Os suplentes cassados foram: Irineu Barroti; Irlandino Mattos; Antonio de Almeida; Antonio Humberto César; Jedaias Norberto da Silva; Raimundo Pina de Menezes; Virgílio Lorenzetti; Herzílio Coriguazi Pereira Júnior; Sebastiano Diuri; David Moncaio; Waldomiro de Araújo; Domingo Antonio Seco; Sebastião Rodrigues; Alfredo Lucitti; Otávio Bueno; Antonio Albiazetti e Alcindo Silva.
Hoje
Entre fatos e versões, conclusões menos apaixonadas sobre o regime militar sugerem depender de tempo. Instituições públicas e civis ainda vasculham arquivos e memórias para necessárias exposições. Só agora, por exemplo, radicais da época chegam a admitir propósitos, alguns isolados, por uma ditadura de esquerda para contrapor-se à direita. Liberais, por sua vez, preferem considerar que os ideias democráticos de 1964 teriam sido desvirtuados pela linha dura do regime a partir de 1968. Outros preferem crer que na luta contra o comunismo uma ditadura de direita se justifica.
Mundo
Para entender o caso, uma consideração pode ser útil. Os países latino-americanos estavam sob o efeito da Guerra Fria imperialista entre os Estados Unidos e a União Soviética. Não havia meio termo no vale tudo.
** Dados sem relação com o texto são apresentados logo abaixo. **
(* Let $p\in(0,1)$ and let $X$, $\gamma$, $(\mathcal Z,\pi)$ satisfy the standing assumptions described in the context. Then: (i) if $\mathrm{ess\text{-}sup}\,\gamma\le \frac1{1-p}$, $\mathrm{ES}_p$ is robust at $X$ relative to $(\mathcal G_{\rm cm},\mathcal Z,\pi)$; (ii) if $0\le x_0<\mathbb E[\gamma X]$ and either $\gamma$ is constant or ($\gamma$ is continuous and $\gamma(X)$ is continuously distributed), then $\mathrm{ES}_p$ is robust at $X$ relative to $(\mathcal G_{\rm ns},L^q,\pi^q)$ for every $q\in[1,\infty]$, where $\pi^q(Y,Z)=\|Y-Z\|_q$; (iii) if $0\le x_0<m$ and either $\gamma$ is constant or ($\gamma$ is continuous and $\gamma(X)$ is continuously distributed), then $\mathrm{ES}_p$ is robust at $X$ relative to $(\mathcal G_{\rm bd},\mathcal Z,\pi)$.
   Context: $(\Omega,\mathcal F,\mathbb P)$ is an atomless probability space; $L^0$, $L^q$, $L^\infty$ are the usual spaces of a.s. finite, $q$-integrable, essentially bounded random variables. For $p\in(0,1)$, $\mathrm{VaR}_p(Y)=\inf\{x:\mathbb P(Y\le x)\ge p\}$ and $\mathrm{ES}_p(Y)=\frac1{1-p}\int_p^1\mathrm{VaR}_u(Y)\,\mathrm du$ (possibly $+\infty$). Standing assumptions: $X\ge0$ is a random variable whose distribution has a positive density on its support; $\gamma:\mathbb R\to\mathbb R$ is continuous and strictly positive, and (identifying $\gamma$ with $\gamma(X)$) $\mathbb E[\gamma]=1$, $\mathbb E[\gamma X]<\infty$. $(\mathcal Z,\pi)$ is one of: $(L^\infty,\|\cdot-\cdot\|_\infty)$; $(L^q,\|\cdot-\cdot\|_q)$ for $q\in[1,\infty)$; $(L^0,\pi^W)$ with $\pi^W(Y,Z)$ the Prokhorov distance between the laws of $Y,Z$; and $X\in\mathcal Z$. $\mathcal G_1$ is the set of measurable functions $\mathbb R\to\mathbb R$; $x_0\in\mathbb R$, $m>0$; $\mathcal G_{\rm cm}=\{g\in\mathcal G_1:\mathbb E[\gamma g(X)]\ge x_0\}$, $\mathcal G_{\rm ns}=\{g\in\mathcal G_1:\mathbb E[\gamma g(X)]\ge x_0,\ 0\le g(X)\le X\}$, $\mathcal G_{\rm bd}=\{g\in\mathcal G_1:\mathbb E[\gamma g(X)]\ge x_0,\ 0\le g(X)\le m\}$. For an admissible set $\mathcal G$ and objective $\rho$, $\mathcal G_X(\rho)=\{g\in\mathcal G:\rho(g(X))=\inf_{h\in\mathcal G}\rho(h(X))\}$. $\rho$ is robust at $X$ relative to $(\mathcal G,\mathcal Z,\pi)$ if there exists $g_X\in\mathcal G_X(\rho)$ such that $\mathcal Z\ni Y\mapsto\rho(g_X(Y))$ is $\pi$-continuous at $Y=X$. *)

theory Defs
  imports "HOL-Probability.Probability" "HOL-Probability.Essential_Supremum"
begin

definition atomless :: "'a measure \<Rightarrow> bool" where
  "atomless M \<longleftrightarrow> (\<forall>A\<in>sets M. measure M A > 0 \<longrightarrow>
      (\<exists>B\<in>sets M. B \<subseteq> A \<and> 0 < measure M B \<and> measure M B < measure M A))"

definition VaR :: "'a measure \<Rightarrow> real \<Rightarrow> ('a \<Rightarrow> real) \<Rightarrow> real" where
  "VaR M u Y = Inf {x::real. measure M {\<omega>\<in>space M. Y \<omega> \<le> x} \<ge> u}"

text \<open>Expected Shortfall ES_p(Y) = 1/(1-p) * integral over (p,1) of VaR_u(Y) du,
  as an extended real (possibly +\<infinity>); positive and negative parts are integrated
  separately (the negative part is always finite for p in (0,1)).\<close>
definition ES :: "'a measure \<Rightarrow> real \<Rightarrow> ('a \<Rightarrow> real) \<Rightarrow> ereal" where
  "ES M p Y =
     (enn2ereal (\<integral>\<^sup>+ u. indicator {p<..<1} u * ennreal (VaR M u Y) \<partial>lborel)
      - enn2ereal (\<integral>\<^sup>+ u. indicator {p<..<1} u * ennreal (- VaR M u Y) \<partial>lborel))
     / ereal (1 - p)"

definition L0 :: "'a measure \<Rightarrow> ('a \<Rightarrow> real) set" where
  "L0 M = borel_measurable M"

definition Linf :: "'a measure \<Rightarrow> ('a \<Rightarrow> real) set" where
  "Linf M = {Y \<in> borel_measurable M. \<exists>C. AE \<omega> in M. \<bar>Y \<omega>\<bar> \<le> C}"

definition Lq :: "'a measure \<Rightarrow> real \<Rightarrow> ('a \<Rightarrow> real) set" where
  "Lq M q = {Y \<in> borel_measurable M. integrable M (\<lambda>\<omega>. \<bar>Y \<omega>\<bar> powr q)}"

definition dist_inf :: "'a measure \<Rightarrow> ('a \<Rightarrow> real) \<Rightarrow> ('a \<Rightarrow> real) \<Rightarrow> real" where
  "dist_inf M Y Z = real_of_ereal (esssup M (\<lambda>\<omega>. ereal \<bar>Y \<omega> - Z \<omega>\<bar>))"

definition dist_q :: "'a measure \<Rightarrow> real \<Rightarrow> ('a \<Rightarrow> real) \<Rightarrow> ('a \<Rightarrow> real) \<Rightarrow> real" where
  "dist_q M q Y Z = (\<integral>\<omega>. \<bar>Y \<omega> - Z \<omega>\<bar> powr q \<partial>M) powr (1 / q)"

definition prokhorov :: "real measure \<Rightarrow> real measure \<Rightarrow> real" where
  "prokhorov \<mu> \<nu> = Inf {\<epsilon>. \<epsilon> > 0 \<and>
      (\<forall>A\<in>sets borel.
         measure \<mu> A \<le> measure \<nu> (\<Union>a\<in>A. ball a \<epsilon>) + \<epsilon> \<and>
         measure \<nu> A \<le> measure \<mu> (\<Union>a\<in>A. ball a \<epsilon>) + \<epsilon>)}"

definition dist_W :: "'a measure \<Rightarrow> ('a \<Rightarrow> real) \<Rightarrow> ('a \<Rightarrow> real) \<Rightarrow> real" where
  "dist_W M Y Z = prokhorov (distr M borel Y) (distr M borel Z)"

definition space_choice :: "'a measure \<Rightarrow> ('a \<Rightarrow> real) set \<Rightarrow>
    (('a \<Rightarrow> real) \<Rightarrow> ('a \<Rightarrow> real) \<Rightarrow> real) \<Rightarrow> bool" where
  "space_choice M Z \<pi> \<longleftrightarrow>
     (Z = Linf M \<and> \<pi> = dist_inf M)
   \<or> (\<exists>q. 1 \<le> q \<and> Z = Lq M q \<and> \<pi> = dist_q M q)
   \<or> (Z = L0 M \<and> \<pi> = dist_W M)"

definition Lq_choice :: "'a measure \<Rightarrow> ('a \<Rightarrow> real) set \<Rightarrow>
    (('a \<Rightarrow> real) \<Rightarrow> ('a \<Rightarrow> real) \<Rightarrow> real) \<Rightarrow> bool" where
  "Lq_choice M Z \<pi> \<longleftrightarrow>
     (Z = Linf M \<and> \<pi> = dist_inf M)
   \<or> (\<exists>q. 1 \<le> q \<and> Z = Lq M q \<and> \<pi> = dist_q M q)"

definition G_cm :: "'a measure \<Rightarrow> (real \<Rightarrow> real) \<Rightarrow> ('a \<Rightarrow> real) \<Rightarrow> real \<Rightarrow> (real \<Rightarrow> real) set" where
  "G_cm M \<gamma> X x0 = {g \<in> borel_measurable borel.
      integrable M (\<lambda>\<omega>. \<gamma> (X \<omega>) * g (X \<omega>)) \<and>
      (\<integral>\<omega>. \<gamma> (X \<omega>) * g (X \<omega>) \<partial>M) \<ge> x0}"

definition G_ns :: "'a measure \<Rightarrow> (real \<Rightarrow> real) \<Rightarrow> ('a \<Rightarrow> real) \<Rightarrow> real \<Rightarrow> (real \<Rightarrow> real) set" where
  "G_ns M \<gamma> X x0 = {g \<in> borel_measurable borel.
      integrable M (\<lambda>\<omega>. \<gamma> (X \<omega>) * g (X \<omega>)) \<and>
      (\<integral>\<omega>. \<gamma> (X \<omega>) * g (X \<omega>) \<partial>M) \<ge> x0 \<and>
      (AE \<omega> in M. 0 \<le> g (X \<omega>) \<and> g (X \<omega>) \<le> X \<omega>)}"

definition G_bd :: "'a measure \<Rightarrow> (real \<Rightarrow> real) \<Rightarrow> ('a \<Rightarrow> real) \<Rightarrow> real \<Rightarrow> real \<Rightarrow> (real \<Rightarrow> real) set" where
  "G_bd M \<gamma> X x0 m = {g \<in> borel_measurable borel.
      integrable M (\<lambda>\<omega>. \<gamma> (X \<omega>) * g (X \<omega>)) \<and>
      (\<integral>\<omega>. \<gamma> (X \<omega>) * g (X \<omega>) \<partial>M) \<ge> x0 \<and>
      (AE \<omega> in M. 0 \<le> g (X \<omega>) \<and> g (X \<omega>) \<le> m)}"

definition optimal_set :: "(('a \<Rightarrow> real) \<Rightarrow> ereal) \<Rightarrow> (real \<Rightarrow> real) set \<Rightarrow> ('a \<Rightarrow> real)
    \<Rightarrow> (real \<Rightarrow> real) set" where
  "optimal_set \<rho> G X = {g \<in> G. \<rho> (g \<circ> X) = (INF h\<in>G. \<rho> (h \<circ> X))}"

definition cont_at_wrt :: "('b \<Rightarrow> real) set \<Rightarrow> (('b \<Rightarrow> real) \<Rightarrow> ('b \<Rightarrow> real) \<Rightarrow> real)
    \<Rightarrow> (('b \<Rightarrow> real) \<Rightarrow> ereal) \<Rightarrow> ('b \<Rightarrow> real) \<Rightarrow> bool" where
  "cont_at_wrt Z \<pi> F X \<longleftrightarrow>
     (\<forall>S. open S \<and> F X \<in> S \<longrightarrow> (\<exists>\<delta>>0. \<forall>Y\<in>Z. \<pi> Y X < \<delta> \<longrightarrow> F Y \<in> S))"

definition robust :: "(('a \<Rightarrow> real) \<Rightarrow> ereal) \<Rightarrow> (real \<Rightarrow> real) set \<Rightarrow> ('a \<Rightarrow> real) set
    \<Rightarrow> (('a \<Rightarrow> real) \<Rightarrow> ('a \<Rightarrow> real) \<Rightarrow> real) \<Rightarrow> ('a \<Rightarrow> real) \<Rightarrow> bool" where
  "robust \<rho> G Z \<pi> X \<longleftrightarrow>
     (\<exists>g\<in>optimal_set \<rho> G X. cont_at_wrt Z \<pi> (\<lambda>Y. \<rho> (g \<circ> Y)) X)"

definition law_support :: "'a measure \<Rightarrow> ('a \<Rightarrow> real) \<Rightarrow> real set" where
  "law_support M X = {x. \<forall>e>0. measure M {\<omega>\<in>space M. X \<omega> \<in> ball x e} > 0}"

definition pos_density_on_support :: "'a measure \<Rightarrow> ('a \<Rightarrow> real) \<Rightarrow> bool" where
  "pos_density_on_support M X \<longleftrightarrow>
     (\<exists>f. distributed M lborel X (\<lambda>x. ennreal (f x)) \<and> (\<forall>x\<in>law_support M X. f x > 0))"

end

theory Submission
  imports Defs
begin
A estratégia da Guerra Fria sempre foi dividir os povos internamente para sobre eles manter o domínio. Os brasileiros renderam-se a este jogo, o mesmo que, simultaneamente, impôs ditaduras de direita na maioria dos países do continente.
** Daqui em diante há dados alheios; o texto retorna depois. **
(* Let $u_0\in L^1(\mathbb R)\cap BV(\mathbb R)$ and assume the CFL condition. For $n\ge0$ and $i\in\mathbb Z$ define $$W_i^n=\hat f(U_i^n,U_{i+1}^n)-D_+A(U_i^n)-b\sum_{l=-\infty}^{i}\sum_{j\in\mathbb Z}G^l_jU_j^n.$$ Then for all $n\ge0$, $$\sup_{i\in\mathbb Z}|W_i^n|\le\sup_{i\in\mathbb Z}|W_i^0|\qquad\text{and}\qquad\sum_{i\in\mathbb Z}|W^n_{i+1}-W^n_i|\le\sum_{i\in\mathbb Z}|W^0_{i+1}-W^0_i|.$$
   Context: Let $f,a:\mathbb R\to\mathbb R$ be Lipschitz, $a\ge0$ bounded, $f(0)=0$, $A(u)=\int_0^ua(s)ds$, $b\ge0$, $\lambda\in(0,1)$, $c_\lambda>0$, $\mathcal L[u](x)=c_\lambda\int_{|z|>0}\frac{u(x+z)-u(x)}{|z|^{1+\lambda}}dz$. Let $\hat f:\mathbb R^2\to\mathbb R$ be $C^1$ and Lipschitz, consistent ($\hat f(u,u)=f(u)$), nondecreasing in its first and nonincreasing in its second argument. Grid: $x_i=i\Delta x$, $I_i=[x_i,x_{i+1})$, $t_n=n\Delta t$. Weights $G^i_j=\int_{I_i}\mathcal L[\mathbf 1_{I_j}](x)dx$; these satisfy $G^i_j\ge0$ for $i\ne j$, $\sum_j|G^i_j|<\infty$, $\sum_iG^i_j=\sum_jG^i_j=0$, $G^i_j=G^j_i$, $G^{i+1}_{j+1}=G^i_j$, and $G^i_i=-d_\lambda\Delta x^{1-\lambda}$ with $d_\lambda=c_\lambda\big(\int_{|z|<1}|z|^{-\lambda}dz+\int_{|z|>1}|z|^{-1-\lambda}dz\big)$. $D_\pm U_i=\pm(U_{i\pm1}-U_i)/\Delta x$, $\mathcal L\langle U\rangle_i=\frac1{\Delta x}\sum_jG^i_jU_j$. Scheme: $U_i^{n+1}=U_i^n-\Delta t\,D_-\big[\hat f(U_i^n,U_{i+1}^n)-D_+A(U_i^n)\big]+\Delta t\,b\,\mathcal L\langle U^n\rangle_i$, $U^0_i=\frac1{\Delta x}\int_{I_i}u_0$. CFL condition: $\frac{\Delta t}{\Delta x}(\|\partial_{1}\hat f\|_\infty+\|\partial_{2}\hat f\|_\infty)+\frac{2\Delta t}{\Delta x^2}\|a\|_\infty+b\,d_\lambda\frac{\Delta t}{\Delta x^\lambda}\le1$. *)

theory Defs
  imports "HOL-Analysis.Analysis"
begin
O motivo de tal submissão não poderia ser mais concreto. Dois anos antes o mundo escapara da primeira e última guerra nuclear. O apocalipse foi evitado por John Kennedy, que fez Nikita Kruschev retirar mísseis soviéticos que vinham sendo instalados em Cuba. Nunca houve um prognóstico sobre o restaria do mundo se ambos os lados deflagrassem a guerra nuclear, inevitável se Kruschev não voltasse atrás.
Vencida a intromissão soviética nos quintais latinos dos Estados Unidos, os países do continente foram fechados de Norte a Sul com ditaduras de direita. O conflito da Guerra Fria foi concentrado no Vietnam.
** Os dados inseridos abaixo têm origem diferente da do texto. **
(* Let $c>0$, $N\ge1$, and let $v=(v_1,\dots,v_N)$ and $Q_i^{jk}=Q_i^{kj}$ ($1\le i,j,k\le N$) be sufficiently regular functions on $\mathcal{K}_{[s_0,s_1]}$. Put $P_i^{jk}:=-\tfrac13 Q_i^{jk}$, $w_i:=v_i+P_i^{jk}(t/s)^2v_jv_k$, $$V_i^0:=\tfrac12\sum_\alpha|\partial_\alpha w_i|^2+\tfrac12c^2w_i^2+P_i^{jk}(t/s)^2v_i\Big(\partial_tv_j\partial_tv_k+\sum_a\partial_av_j\partial_av_k+c^2v_jv_k\Big),$$ $$-V_i^a:=\partial_tw_i\partial_aw_i+P_i^{jk}(t/s)^2v_i\big(\partial_tv_j\partial_av_k+\partial_tv_k\partial_av_j\big),$$ $e_{Q,c}[v]:=2\sum_{i=1}^N\big(V_i^0-(x^a/t)V_i^a\big)$ (summation over repeated $j,k\in\{1,\dots,N\}$ and $a\in\{1,2\}$). There exists $\varepsilon_s>0$ small such that if, pointwise in $\mathcal{K}_{[s_0,s_1]}$, for all $i,j,k$ and $\alpha$, $$|(t/s)^2Q_i^{jk}v_i|+|(t/s)^2Q_i^{jk}v_j|+|(t/s)^2Q_i^{jk}v_k|\le\varepsilon_s,\qquad |(t/s)^2v_j\partial_\alpha Q_i^{jk}|+|(t/s)^2v_k\partial_\alpha Q_i^{jk}|\le\varepsilon_s,$$ then $$\tfrac14 e_{Q,c}[v]\le\sum_{i=1}^Ne_c[v_i]\le 4e_{Q,c}[v].$$
   Context: Coordinates $(t,x)\in\mathbb{R}^{2+1}$, $r=|x|$, $s=\sqrt{t^2-r^2}$, $\partial_0=\partial_t$. $\mathcal{K}_{[s_0,s_1]}=\{(t,x): t>r+1,\ s_0^2\le t^2-r^2\le s_1^2\}$. For a scalar $u$, $e_c[u]:=|(s/t)\partial_tu|^2+\sum_{a=1,2}|\underline{\partial}_au|^2+c^2u^2$ with $\underline{\partial}_a=(x^a/t)\partial_t+\partial_a$. *)

theory Defs
  imports "HOL-Analysis.Analysis"
begin

type_synonym pt = "real \<times> real \<times> real"

definition tc :: "pt \<Rightarrow> real" where "tc p = fst p"
definition xc :: "nat \<Rightarrow> pt \<Rightarrow> real" where
  "xc a p = (if a = 1 then fst (snd p) else snd (snd p))"
definition rc :: "pt \<Rightarrow> real" where "rc p = sqrt ((xc 1 p)^2 + (xc 2 p)^2)"
definition sc :: "pt \<Rightarrow> real" where "sc p = sqrt ((tc p)^2 - (rc p)^2)"

definition Kreg :: "real \<Rightarrow> real \<Rightarrow> pt set" where
  "Kreg s0 s1 = {p. tc p > rc p + 1 \<and> s0^2 \<le> (tc p)^2 - (rc p)^2 \<and> (tc p)^2 - (rc p)^2 \<le> s1^2}"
Como em uma guerra a primeira vítima sempre é a verdade, saber exatamente o que se passou ainda dependerá de prospecção. Basta ver que só após Gorbachev o mundo tomou conhecimento do que se passava por trás da Cortina de Ferro assassina de Stalin, a começar da Rússia e depois na Polônia.
Sob a eficiente propaganda americana, ser comunista tornou-se no ocidente sinônimo do pior que poderia haver no mundo. Na vala comum imposta a todos, jovens latinos, idealistas, preocupados com soberania de seus países, foram tratados da mesma forma que alucinados terroristas. Ao final, tudo virou um banho de sangue, sobretudo na Argentina e no Chile.
Se no Brasil nem tanto, o terrorismo de direita, que também existiu, retaliado pela esquerda, deixou marcas, traumas e incógnitas sepulturas.
Resultantes da propaganda ideológica no País mobilizaram a cena política de Rio Claro entre março e abril de 1964. Jovens idealistas, sindicalistas e alguns entusiastas da história viram-se, por isso, associados ao comunismo.
Em 2014 a Câmara Municipal restituiu simbolicamente os mandatos aos cassados de 1964 em sessão histórica.